[[ Recorded data open ]]

(* Let $N \ge 1$. Then: (1) $f(N,1)=0$. (2) $f(N+1,\Delta) \geq f(N,\Delta)+1$ for $N \geq \Delta \geq 2$. (3) $f(N,\Delta+1) \geq f(N,\Delta)+1$ for $\Delta \ge 1$ and $N > \binom{\Delta+1}{2}$. (4) For $\Delta+1 \le N$: if $\Delta > \frac{N}{2}$ then $f(N,\Delta+1) \geq f(N,\Delta)$, and if $\Delta > \lceil \frac{N}{2} \rceil$ then $f(N,\Delta+1) \geq f(N,\Delta)+1$.
   Context: All graphs are finite and simple; $L(G)$ is the line graph of $G$; $e(\cdot)$, $\Delta(\cdot)$, $\delta(\cdot)$ denote number of edges, maximum degree and minimum degree. For integers $N \ge \Delta \ge 1$, $f(N,\Delta) = \max\{ e(L(G)) : e(G)=N, \Delta(G)=\Delta, \delta(G)\geq 1\}$, the maximum over all simple graphs $G$. *)

theory Defs
  imports Complex_Main
begin

text \<open>A finite simple graph without isolated vertices is represented by its edge set:
  a finite set of 2-element vertex sets (vertices taken from nat; every finite graph
  is isomorphic to one on nat). Its vertex set is the union of its edges, so
  minimum degree is at least 1 by construction.\<close>

definition simple_graph :: "nat set set \<Rightarrow> bool" where
  "simple_graph E \<longleftrightarrow> finite E \<and> (\<forall>e\<in>E. card e = 2)"

definition verts :: "nat set set \<Rightarrow> nat set" where
  "verts E = \<Union>E"

definition deg :: "nat set set \<Rightarrow> nat \<Rightarrow> nat" where
  "deg E v = card {e\<in>E. v \<in> e}"

definition max_deg :: "nat set set \<Rightarrow> nat" where
  "max_deg E = Max (deg E ` verts E)"

definition min_deg :: "nat set set \<Rightarrow> nat" where
  "min_deg E = Min (deg E ` verts E)"

definition line_graph_edges :: "nat set set \<Rightarrow> nat" where
  "line_graph_edges E = card {{e1, e2} | e1 e2. e1 \<in> E \<and> e2 \<in> E \<and> e1 \<noteq> e2 \<and> e1 \<inter> e2 \<noteq> {}}"

definition f :: "nat \<Rightarrow> nat \<Rightarrow> nat" where
  "f N D = Max {line_graph_edges E | E. simple_graph E \<and> card E = N \<and> max_deg E = D \<and> min_deg E \<ge> 1}"

end

theory Submission
  imports Defs
begin

(* Every inequality comes from a local surgery on a graph G attaining f N D, driven by the
   identity L(G + xy) = L(G) + deg x + deg y for a new edge xy.
   Subdividing an edge by a new vertex w adds one edge and exactly one adjacent pair, and changes
   no degree except deg w = 2.
   For the bounds in D, fix v with deg v = D and an edge xy avoiding v. If vx is not an edge,
   replacing xy by vx raises the maximum degree to D + 1 and L by D + 1 - deg y >= 1; when
   N > C(D+1, 2) such an edge exists, since otherwise every edge lies in the closed neighbourhood
   of v. If v is adjacent to both x and y, replace xy by an edge from v to a new vertex instead:
   L changes by D + 2 - deg x - deg y >= 2D - N - 1, as three distinct vertices have degree sum
   at most N + 3. *)

definition adjacent_edge_pairs :: "nat set set \<Rightarrow> nat set set set" where
  "adjacent_edge_pairs E = {{e1, e2} | e1 e2. e1 \<in> E \<and> e2 \<in> E \<and> e1 \<noteq> e2 \<and> e1 \<inter> e2 \<noteq> {}}"

lemma line_graph_edges_eq_card_adjacent_edge_pairs:
  "line_graph_edges E = card (adjacent_edge_pairs E)"
  by (simp add: line_graph_edges_def adjacent_edge_pairs_def)

lemma simple_graph_finite: "simple_graph E \<Longrightarrow> finite E"
  by (simp add: simple_graph_def)

lemma simple_graph_Diff: "simple_graph E \<Longrightarrow> simple_graph (E - A)"
  unfolding simple_graph_def by auto

lemma simple_graph_insert: "simple_graph E \<Longrightarrow> a \<noteq> b \<Longrightarrow> simple_graph (insert {a, b} E)"
  unfolding simple_graph_def by auto

lemma simple_graph_edge_eq:
  "simple_graph E \<Longrightarrow> e \<in> E \<Longrightarrow> a \<in> e \<Longrightarrow> b \<in> e \<Longrightarrow> a \<noteq> b \<Longrightarrow> e = {a, b}"
  unfolding simple_graph_def by (auto simp: card_2_iff)

lemma simple_graph_obtain_edge:
  assumes "simple_graph E" "e \<in> E"
  obtains a b where "e = {a, b}" "a \<noteq> b"
  using assms unfolding simple_graph_def by (meson card_2_iff)

lemma edges_at_two_vertices_subset:
  "simple_graph E \<Longrightarrow> a \<noteq> b \<Longrightarrow> {e\<in>E. a \<in> e} \<inter> {e\<in>E. b \<in> e} \<subseteq> {{a, b}}"
  using simple_graph_edge_eq by blast

lemma finite_verts: "simple_graph E \<Longrightarrow> finite (verts E)"
  unfolding simple_graph_def verts_def by (intro finite_Union) (auto intro: card_ge_0_finite)

lemma ex_fresh_vertex: "simple_graph E \<Longrightarrow> \<exists>w. w \<notin> verts E"
  using finite_verts ex_new_if_finite infinite_UNIV_nat by blast

lemma in_verts: "e \<in> E \<Longrightarrow> u \<in> e \<Longrightarrow> u \<in> verts E"
  unfolding verts_def by blast

lemma deg_eq_0: "z \<notin> verts E \<Longrightarrow> deg E z = 0"
  unfolding deg_def verts_def by (auto simp: card_eq_0_iff)

lemma deg_ge_1: "simple_graph E \<Longrightarrow> z \<in> verts E \<Longrightarrow> 1 \<le> deg E z"
  unfolding deg_def verts_def using simple_graph_finite
  by (fastforce simp: Suc_le_eq card_gt_0_iff)

lemma deg_le_card: "finite E \<Longrightarrow> deg E z \<le> card E"
  unfolding deg_def by (rule card_mono) auto

lemma deg_insert:
  "finite E \<Longrightarrow> e \<notin> E \<Longrightarrow> deg (insert e E) z = deg E z + (if z \<in> e then 1 else 0)"
  unfolding deg_def by (auto simp: insert_compr[symmetric] Collect_conj_eq)

lemma deg_Diff_singleton:
  "finite E \<Longrightarrow> e \<in> E \<Longrightarrow> deg E z = deg (E - {e}) z + (if z \<in> e then 1 else 0)"
  using deg_insert[of "E - {e}" e z] by (simp add: insert_absorb)

lemma adjacent_edge_pairs_insert:
  "adjacent_edge_pairs (insert e E) =
     adjacent_edge_pairs E \<union> (\<lambda>e'. {e, e'}) ` {e'\<in>E. e' \<noteq> e \<and> e' \<inter> e \<noteq> {}}"
proof (intro equalityI subsetI)
  fix p assume "p \<in> adjacent_edge_pairs (insert e E)"
  then obtain e1 e2 where p: "p = {e1, e2}" and e12: "e1 \<in> insert e E" "e2 \<in> insert e E"
    "e1 \<noteq> e2" "e1 \<inter> e2 \<noteq> {}"
    unfolding adjacent_edge_pairs_def by blast
  consider "e1 = e" | "e2 = e" | "e1 \<in> E" "e2 \<in> E"
    using e12 by blast
  then show "p \<in> adjacent_edge_pairs E \<union> (\<lambda>e'. {e, e'}) ` {e'\<in>E. e' \<noteq> e \<and> e' \<inter> e \<noteq> {}}"
  proof cases
    case 1
    then show ?thesis using p e12 by blast
  next
    case 2
    then have "p = {e, e1}" using p by (simp add: insert_commute)
    then show ?thesis using 2 e12 by blast
  next
    case 3
    then show ?thesis using p e12 unfolding adjacent_edge_pairs_def by blast
  qed
qed (auto simp: adjacent_edge_pairs_def)

lemma line_graph_edges_insert:
  assumes E: "simple_graph E" and "x \<noteq> y" "{x, y} \<notin> E"
  shows "line_graph_edges (insert {x, y} E) = line_graph_edges E + deg E x + deg E y"
proof -
  let ?S = "{e\<in>E. e \<noteq> {x, y} \<and> e \<inter> {x, y} \<noteq> {}}"
  have fin: "finite E" using E by (rule simple_graph_finite)
  have "adjacent_edge_pairs E \<subseteq> Pow E"
    unfolding adjacent_edge_pairs_def by auto
  then have "adjacent_edge_pairs E \<inter> (\<lambda>e. {{x, y}, e}) ` ?S = {}"
    using assms(3) by auto
  moreover have "finite (adjacent_edge_pairs E)"
    using \<open>adjacent_edge_pairs E \<subseteq> Pow E\<close> fin finite_subset by blast
  moreover have "card ((\<lambda>e. {{x, y}, e}) ` ?S) = card ?S"
    by (rule card_image) (auto simp: inj_on_def doubleton_eq_iff)
  moreover have "?S = {e\<in>E. x \<in> e} \<union> {e\<in>E. y \<in> e}"
    using assms(3) by auto
  moreover have "{e\<in>E. x \<in> e} \<inter> {e\<in>E. y \<in> e} = {}"
    using edges_at_two_vertices_subset[OF E \<open>x \<noteq> y\<close>] assms(3) by blast
  ultimately show ?thesis
    using fin unfolding line_graph_edges_eq_card_adjacent_edge_pairs adjacent_edge_pairs_insert deg_def
    by (simp add: card_Un_disjoint)
qed

lemma line_graph_edges_le_choose: "finite E \<Longrightarrow> line_graph_edges E \<le> card E choose 2"
proof -
  assume "finite E"
  have "adjacent_edge_pairs E \<subseteq> {A. A \<subseteq> E \<and> card A = 2}"
    unfolding adjacent_edge_pairs_def by (auto simp: card_insert_if)
  then have "card (adjacent_edge_pairs E) \<le> card {A. A \<subseteq> E \<and> card A = 2}"
    using \<open>finite E\<close> by (intro card_mono) auto
  then show ?thesis
    unfolding line_graph_edges_eq_card_adjacent_edge_pairs using n_subsets[OF \<open>finite E\<close>] by simp
qed

lemma line_graph_edges_eq_0_if_deg_le_1:
  assumes "finite E" "\<And>z. deg E z \<le> 1"
  shows "line_graph_edges E = 0"
proof -
  have "adjacent_edge_pairs E = {}"
  proof (rule ccontr)
    assume "adjacent_edge_pairs E \<noteq> {}"
    then obtain e1 e2 w where "e1 \<in> E" "e2 \<in> E" "e1 \<noteq> e2" "w \<in> e1" "w \<in> e2"
      unfolding adjacent_edge_pairs_def by blast
    then have "card {e1, e2} \<le> deg E w"
      unfolding deg_def using \<open>finite E\<close> by (intro card_mono) auto
    with \<open>e1 \<noteq> e2\<close> assms(2)[of w] show False by simp
  qed
  then show ?thesis by (simp add: line_graph_edges_eq_card_adjacent_edge_pairs)
qed

definition admissible :: "nat set set \<Rightarrow> nat \<Rightarrow> nat \<Rightarrow> bool" where
  "admissible E N D \<longleftrightarrow> simple_graph E \<and> card E = N \<and> max_deg E = D \<and> min_deg E \<ge> 1"

lemma f_eq_Max_admissible: "f N D = Max {line_graph_edges E | E. admissible E N D}"
  by (simp add: f_def admissible_def)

[[ Recorded data closed ]]

Retype, exactly and in full, the lines above from the one containing "obtains a b" through the one containing "E \<Longrightarrow> finite (verts".

  obtains a b where "e = {a, b}" "a \<noteq> b"
  using assms unfolding simple_graph_def by (meson card_2_iff)

lemma edges_at_two_vertices_subset:
  "simple_graph E \<Longrightarrow> a \<noteq> b \<Longrightarrow> {e\<in>E. a \<in> e} \<inter> {e\<in>E. b \<in> e} \<subseteq> {{a, b}}"
  using simple_graph_edge_eq by blast

lemma finite_verts: "simple_graph E \<Longrightarrow> finite (verts E)"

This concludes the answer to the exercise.